Where in the records does the word "occurs" appear? Copy each line that holds it.

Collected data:
##########

(* Let $x=(x_1,\ldots,x_n)\in[\ell]^n$ be a minimal non-crossing sequence in which exactly $\ell$ distinct values occur. Then $n\le 4\ell$.
   Context: A sequence $x\in[\ell]^n$ is non-crossing if for all $1\le i<j<k<l\le n$ we have $x_i\ne x_k$, or $x_j\ne x_l$, or $x_i=x_j=x_k=x_l$. It is minimal if there is no index $i$ with $x_i=x_{i+1}=x_{i+2}$. Here $[\ell]=\{1,\ldots,\ell\}$. *)

theory Defs
  imports Main
begin

text \<open>Sequences x in [l]^n are lists of length n with entries in {1..l};
  index i of the paper corresponds to list position i-1.\<close>

definition non_crossing :: "nat list \<Rightarrow> bool" where
  "non_crossing x \<longleftrightarrow>
     (\<forall>i j k l. i < j \<and> j < k \<and> k < l \<and> l < length x \<longrightarrow>
        x ! i \<noteq> x ! k \<or> x ! j \<noteq> x ! l \<or>
        (x ! i = x ! j \<and> x ! j = x ! k \<and> x ! k = x ! l))"

definition minimal_seq :: "nat list \<Rightarrow> bool" where
  "minimal_seq x \<longleftrightarrow>
     \<not> (\<exists>i. i + 2 < length x \<and> x ! i = x ! (i + 1) \<and> x ! (i + 1) = x ! (i + 2))"

end

theory Submission
  imports Defs
begin

text \<open>Write x = a u a w, splitting at the second occurrence of the first letter a (or x = a u
  if a occurs only once). Taking the positions of a and of a common letter b in u and in w shows
  that non-crossing forces u and a w to have no letter in common, so the numbers of distinct
  letters add up. Induction then proves the sharper bound |x| + 3 \<le> 4 card(set x), relaxed to
  |x| + 2 when x begins with a repeated letter: that case occurs exactly when u is empty, and
  then minimality guarantees that a w itself does not begin with a repeated letter.\<close>

fun starts_with_pair :: "'a list \<Rightarrow> bool" where
  "starts_with_pair (a # b # _) = (a = b)"
| "starts_with_pair _ = False"

lemma non_crossing_appendD:
  assumes "non_crossing (xs @ ys)"
  shows "non_crossing xs" and "non_crossing ys"
proof -
  show "non_crossing xs"
    unfolding non_crossing_def
  proof (intro allI impI)
    fix i j k l assume "i < j \<and> j < k \<and> k < l \<and> l < length xs"
    with assms[unfolded non_crossing_def, rule_format, of i j k l]
    show "xs ! i \<noteq> xs ! k \<or> xs ! j \<noteq> xs ! l \<or> (xs ! i = xs ! j \<and> xs ! j = xs ! k \<and> xs ! k = xs ! l)"
      by (auto simp: nth_append)
  qed
  show "non_crossing ys"
    unfolding non_crossing_def
  proof (intro allI impI)
    fix i j k l assume "i < j \<and> j < k \<and> k < l \<and> l < length ys"
    with assms[unfolded non_crossing_def, rule_format,
        of "length xs + i" "length xs + j" "length xs + k" "length xs + l"]
    show "ys ! i \<noteq> ys ! k \<or> ys ! j \<noteq> ys ! l \<or> (ys ! i = ys ! j \<and> ys ! j = ys ! k \<and> ys ! k = ys ! l)"
      by (auto simp: nth_append_length_plus)
  qed
qed

lemma minimal_seq_appendD:
  assumes "minimal_seq (xs @ ys)"
  shows "minimal_seq xs" and "minimal_seq ys"
proof -
  show "minimal_seq xs"
    unfolding minimal_seq_def
  proof (rule notI, elim exE conjE)
    fix i assume "i + 2 < length xs" "xs ! i = xs ! (i + 1)" "xs ! (i + 1) = xs ! (i + 2)"
    then have "i + 2 < length (xs @ ys) \<and> (xs @ ys) ! i = (xs @ ys) ! (i + 1)
        \<and> (xs @ ys) ! (i + 1) = (xs @ ys) ! (i + 2)"
      by (simp add: nth_append)
    with assms show False unfolding minimal_seq_def by blast
  qed
  show "minimal_seq ys"
    unfolding minimal_seq_def
  proof (rule notI, elim exE conjE)
    fix i assume "i + 2 < length ys" "ys ! i = ys ! (i + 1)" "ys ! (i + 1) = ys ! (i + 2)"
    then have "length xs + i + 2 < length (xs @ ys)
        \<and> (xs @ ys) ! (length xs + i) = (xs @ ys) ! (length xs + i + 1)
        \<and> (xs @ ys) ! (length xs + i + 1) = (xs @ ys) ! (length xs + i + 2)"
      by (simp add: nth_append)
    with assms show False unfolding minimal_seq_def by blast
  qed
qed

lemma not_minimal_seq_triple: "\<not> minimal_seq (a # a # a # t)"
  unfolding minimal_seq_def by (auto intro!: exI[of _ 0])

lemma non_crossing_disjoint_between_repeats:
  assumes "non_crossing (a # u @ a # w)"
  shows "set u \<inter> set w \<subseteq> {a}"
proof
  fix b assume "b \<in> set u \<inter> set w"
  then obtain i j where i: "i < length u" "u ! i = b" and j: "j < length w" "w ! j = b"
    by (auto simp: in_set_conv_nth)
  let ?x = "a # u @ a # w"
  have "0 < 1 + i \<and> 1 + i < 1 + length u \<and> 1 + length u < 2 + length u + j
      \<and> 2 + length u + j < length ?x"
    using i j by simp
  with assms have "?x ! 0 \<noteq> ?x ! (1 + length u) \<or> ?x ! (1 + i) \<noteq> ?x ! (2 + length u + j)
      \<or> ?x ! 0 = ?x ! (1 + i)"
    unfolding non_crossing_def by blast
  moreover have "?x ! 0 = a" "?x ! (1 + i) = b" "?x ! (1 + length u) = a" "?x ! (2 + length u + j) = b"
    using i j by (simp_all add: nth_append)
  ultimately show "b \<in> {a}" by simp
qed

lemma split_at_first_occurrence:
  obtains "a \<notin> set r"
  | u w where "r = u @ a # w" "a \<notin> set u"
  using split_list_first[of a r] by (cases "a \<in> set r") auto

lemma non_crossing_minimal_length_bound:
  assumes "x \<noteq> []" "non_crossing x" "minimal_seq x"
  shows "length x + (if starts_with_pair x then 2 else 3) \<le> 4 * card (set x)"
  using assms
proof (induction "length x" arbitrary: x rule: less_induct)
  case less
  have IH: "length y + (if starts_with_pair y then 2 else 3) \<le> 4 * card (set y)"
    if "length y < length x" "y \<noteq> []" "non_crossing (zs @ y)" "minimal_seq (zs @ y)" for y zs
    using less.hyps that non_crossing_appendD(2) minimal_seq_appendD(2) by blast
  obtain a r where x: "x = a # r" using \<open>x \<noteq> []\<close> by (cases x) auto
  show ?case
  proof (cases rule: split_at_first_occurrence[of a r])
    case 1
    show ?thesis
    proof (cases "r = []")
      case False
      then have "\<not> starts_with_pair x" using 1 x by (cases r) auto
      moreover have "length r + 2 \<le> 4 * card (set r)"
        using IH[of r "[a]"] False x less.prems by (auto split: if_splits)
      ultimately show ?thesis using 1 x by simp
    qed (use x in simp)
  next
    case (2 u w)
    then have x_split: "x = (a # u) @ (a # w)" using x by simp
    have bound_aw: "length (a # w) + (if starts_with_pair (a # w) then 2 else 3)
        \<le> 4 * card (set (a # w))"
      using IH[of "a # w" "a # u"] x_split less.prems by simp
    show ?thesis
    proof (cases "u = []")
      case True
      have "\<not> starts_with_pair (a # w)"
        using less.prems(3) x_split True not_minimal_seq_triple by (cases w) auto
      then show ?thesis using bound_aw x_split True by simp
    next
      case False
      then have "\<not> starts_with_pair x" using x_split 2(2) by (cases u) auto
      have "non_crossing ([a] @ u)" "minimal_seq ([a] @ u)"
        using less.prems(2,3) x_split non_crossing_appendD(1) minimal_seq_appendD(1) by simp_all
      then have bound_u: "length u + 2 \<le> 4 * card (set u)"
        using IH[of u "[a]"] False x_split by (simp split: if_splits)
      have "set u \<inter> set (a # w) = {}"
        using non_crossing_disjoint_between_repeats[of a u w] less.prems(2) x_split 2(2) by auto
      then have "card (set x) = card (set u) + card (set (a # w))"
        using x_split by (simp add: card_Un_disjoint[symmetric] Un_commute)
      moreover have "length x = length u + length (a # w) + 1"
        using x_split by simp
      moreover have "length (a # w) + 2 \<le> 4 * card (set (a # w))"
        using bound_aw by (simp split: if_splits)
      ultimately have "length x + 3 \<le> 4 * card (set x)"
        using bound_u by linarith
      with \<open>\<not> starts_with_pair x\<close> show ?thesis by simp
    qed
  qed
qed

corollary non_crossing_minimal_length_le:
  assumes "non_crossing x" "minimal_seq x"
  shows "length x \<le> 4 * card (set x)"
proof (cases "x = []")
  case False
  from non_crossing_minimal_length_bound[OF False assms] show ?thesis by (simp split: if_splits)
qed simp

theorem lemma3p3:
  fixes x :: "nat list" and L :: nat
  assumes "set x \<subseteq> {1..L}"
    and "non_crossing x"
    and "minimal_seq x"
    and "card (set x) = L"
  shows "length x \<le> 4 * L"
  using non_crossing_minimal_length_le[OF assms(2,3)] assms(4) by simp

end
lemma constructible_step:
  assumes c: "constructible 6 V E lab" and labels: "\<forall>v\<in>V. lab v \<in> {1, 2}" and "a \<ge> 1"
  shows "constructible 6 (step_vertices a V) (step_edges a V E lab) (step_label lab)"
proof -
  \<comment> \<open>Temporary labels 3, 4 on the hubs and 5, 6 on the copies keep 1 and 2 free for the roots,
    which are then joined to the hubs by label.\<close>
  define L where "L w = (if w \<in> range (hub 1) then 3 else if w \<in> range (hub 2) then 4
    else step_label lab w + 4)" for w
  let ?G = "\<Union>i<a. gadget_vertices V i" and ?L1 = "L(root 1 := 1)"
  have hubs: "{w \<in> ?G. L w = 3} = hub 1 ` {..<a}" "{w \<in> insert (root 1) ?G. ?L1 w = 4} = hub 2 ` {..<a}"
    using labels by (auto simp: L_def gadget_vertices_def)
  have "constructible 6 ?G (\<Union>i<a. gadget_edges V E lab i) L"
  proof (rule constructible_UN)
    show "\<forall>i\<in>{..<a}. constructible 6 (gadget_vertices V i) (gadget_edges V E lab i) L"
      by (intro ballI constructible_gadget[OF c labels]) (auto simp: L_def)
    show "disjoint_family_on (gadget_vertices V) {..<a}"
      by (auto simp: disjoint_family_on_def gadget_vertices_def)
  qed (use \<open>a \<ge> 1\<close> in \<open>auto simp: lessThan_empty_iff\<close>)
  then have "constructible 6 (insert (root 1) ?G)
      ((\<Union>i<a. gadget_edges V E lab i) \<union> star_edges (root 1) (hub 1 ` {..<a})) ?L1"
    unfolding hubs(1)[symmetric]
    by (rule constructible_add_vertex) (auto simp: L_def gadget_vertices_def)
  then have "constructible 6 (step_vertices a V) (step_edges a V E lab) (?L1(root 2 := 2))"
    unfolding step_vertices_def step_edges_def hubs(2)[symmetric]
    by (rule constructible_add_vertex) (auto simp: L_def gadget_vertices_def)
  from constructible.relab[OF constructible.relab[OF constructible.relab[OF
        constructible.relab[OF this, of 3 1], of 4 2], of 5 1], of 6 2]
  show ?thesis
    by (rule constructible_cong)
      (use labels in \<open>auto simp: L_def relabel_def step_vertices_def gadget_vertices_def\<close>)
qed

lemma step_vertices_eq:
  "step_vertices a V = (\<lambda>(i, v). copy_vertex i v) ` ({..<a} \<times> V)
     \<union> hub 1 ` {..<a} \<union> hub 2 ` {..<a} \<union> {root 1, root 2}"
  by (auto simp: step_vertices_def gadget_vertices_def)

lemma card_copies:
  "finite V \<Longrightarrow> card ((\<lambda>(i, v). copy_vertex i v) ` ({..<a} \<times> V)) = a * card V"
  by (subst card_image) (auto simp: inj_on_def card_cartesian_product)

lemma card_step_vertices:
  assumes "finite V"
  shows "card (step_vertices a V) = a * card V + 2 * a + 2"
proof -
  have "card (step_vertices a V) = card ((\<lambda>(i, v). copy_vertex i v) ` ({..<a} \<times> V))
      + card (hub 1 ` {..<a}) + card (hub 2 ` {..<a}) + card {root 1, root 2}"
    unfolding step_vertices_eq by (subst card_Un_disjoint, use assms in auto)+
  then show ?thesis
    using assms by (simp add: card_copies card_image inj_on_def)
qed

##########

[ANSWER AREA]:
  if a occurs only once). Taking the positions of a and of a common letter b in u and in w shows
  |x| + 2 when x begins with a repeated letter: that case occurs exactly when u is empty, and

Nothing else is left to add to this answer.